## Query Global Land product catalogue via OpenSearch API and download the products

This notebook shows how to query the Global Land product catalogue service, that implements a standardized [OpenSearch interface](http://docs.opengeospatial.org/is/17-047r1/17-047r1.html).

OpenSearch is a self-describing search. This means that the service describes how it can be used, which search filters (keys and allowed values) are available.
For example: 
* [overall API description](https://globalland.vito.be/catalogue/description)
* [description for searching Burnt Area collection](https://globalland.vito.be/catalogue/description?collection=clms_global_ba_300m_v3_daily_netcdf)

The catalogue service can be used in a [Python client](https://github.com/VITObelgium/terracatalogueclient), that is available from VITO's [Terrascope](https://terrascope.be/en) platform, which allows for easy integration in Python notebooks and Python-based processing chains.

In this demo, we'll show you how to search for Global Land products through this OpenSearch API and then download them.

**Important!**
We'll use the new collection of daily Burnt Area 300m v3.1.1 products as example. This API is a recent development - more product collections will become available in the course of 2023.

### Table of contents
* [Install & import packages](#install-import)
* [Discover collections](#discover-collections)
* [Search products](#search-products)
* [Download products](#download-products)

#### Install & import packages <a class="anchor" id="install-import"></a>

Let's start with installing the Python catalogue client from the python package repository:

In [None]:
!pip3 install --user --quiet --index-url=https://artifactory.vgt.vito.be/api/pypi/python-packages/simple terracatalogueclient==0.1.14

On the Terrascope virtual machines and Jupyter notebook environment, the catalogue client package is pre-installed for your convenience.
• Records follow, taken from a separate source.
lemma first_zero_eqI:
  assumes "m \<in> I" "g m = 0" "\<And>y. y \<in> I \<Longrightarrow> g y = 0 \<Longrightarrow> m \<le> y"
  shows "first_zero g I = ereal m"
proof -
  have "Inf {x\<in>I. g x = 0} = m" by (rule cInf_eq_minimum) (use assms in auto)
  then show ?thesis using assms unfolding first_zero_def by auto
qed

lemma first_zero_eq_infinity: "\<not> (\<exists>x\<in>I. g x = 0) \<Longrightarrow> first_zero g I = \<infinity>"
  unfolding first_zero_def by auto

lemma first_zero_attained:
  fixes g :: "real \<Rightarrow> real"
  assumes "continuous_on UNIV g" "\<exists>x\<in>{a..b}. g x = 0"
  obtains m where "m \<in> {a..b}" "g m = 0" "\<And>y. y \<in> {a..b} \<Longrightarrow> g y = 0 \<Longrightarrow> m \<le> y"
    "first_zero g {a..b} = ereal m"
proof -
  have "compact ({a..b} \<inter> {x. g x = 0})"
    using assms(1) by (intro compact_Int_closed closed_Collect_eq) (auto intro: continuous_intros)
  moreover have "{a..b} \<inter> {x. g x = 0} \<noteq> {}" using assms(2) by auto
  ultimately obtain m where "m \<in> {a..b} \<inter> {x. g x = 0}" "\<forall>y\<in>{a..b} \<inter> {x. g x = 0}. m \<le> y"
    using compact_attains_inf by blast
  then show ?thesis using that first_zero_eqI[of m "{a..b}" g] by auto
qed

lemma first_zero_le_iff:
  fixes g :: "real \<Rightarrow> real"
  assumes "continuous_on UNIV g"
  shows "first_zero g {a..b} \<le> ereal s \<longleftrightarrow> (\<exists>x\<in>{a..min b s}. g x = 0)"
proof (cases "\<exists>x\<in>{a..b}. g x = 0")
  case True
  then obtain m where m: "m \<in> {a..b}" "g m = 0" "\<And>y. y \<in> {a..b} \<Longrightarrow> g y = 0 \<Longrightarrow> m \<le> y"
    "first_zero g {a..b} = ereal m"
    using first_zero_attained[OF assms] by blast
  show ?thesis
  proof
    assume "first_zero g {a..b} \<le> ereal s"
    then show "\<exists>x\<in>{a..min b s}. g x = 0" using m by (intro bexI[of _ m]) auto
  next
    assume "\<exists>x\<in>{a..min b s}. g x = 0"
    then obtain x where "x \<in> {a..min b s}" "g x = 0" by blast
    then show "first_zero g {a..b} \<le> ereal s" using m(3)[of x] m(4) by auto
  qed
next
  case False
  then show ?thesis by (auto simp: first_zero_eq_infinity)
qed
Next, we import some required packages and initialize the catalogue client.

In [1]:
from terracatalogueclient import Catalogue
from terracatalogueclient.config import CatalogueConfig

Copy the configuration file from the Github repository to the same folder.
Then use it to configure the catalogue client to query Global Land's catalogue.

In [2]:
config = CatalogueConfig.from_file("terracatalog_config_GlobalLand.txt")
catalogue = Catalogue(config)

#### Discover collections <a class="anchor" id="discover-collections"></a>

The get_collections() call can be used to discover which collections of Global Land products.
At this moment, only the products for the daily Burnt Area v3.1.1 collection are available. All other Global Land collections will be added to this API.

In [3]:
import pandas as pd
collections = catalogue.get_collections()

rows = []
for c in collections:
    rows.append([c.id, c.properties['title']])

df = pd.DataFrame(data = rows, columns = ['Identifier', 'Description'])
df.style.set_properties(**{'text-align': 'left'})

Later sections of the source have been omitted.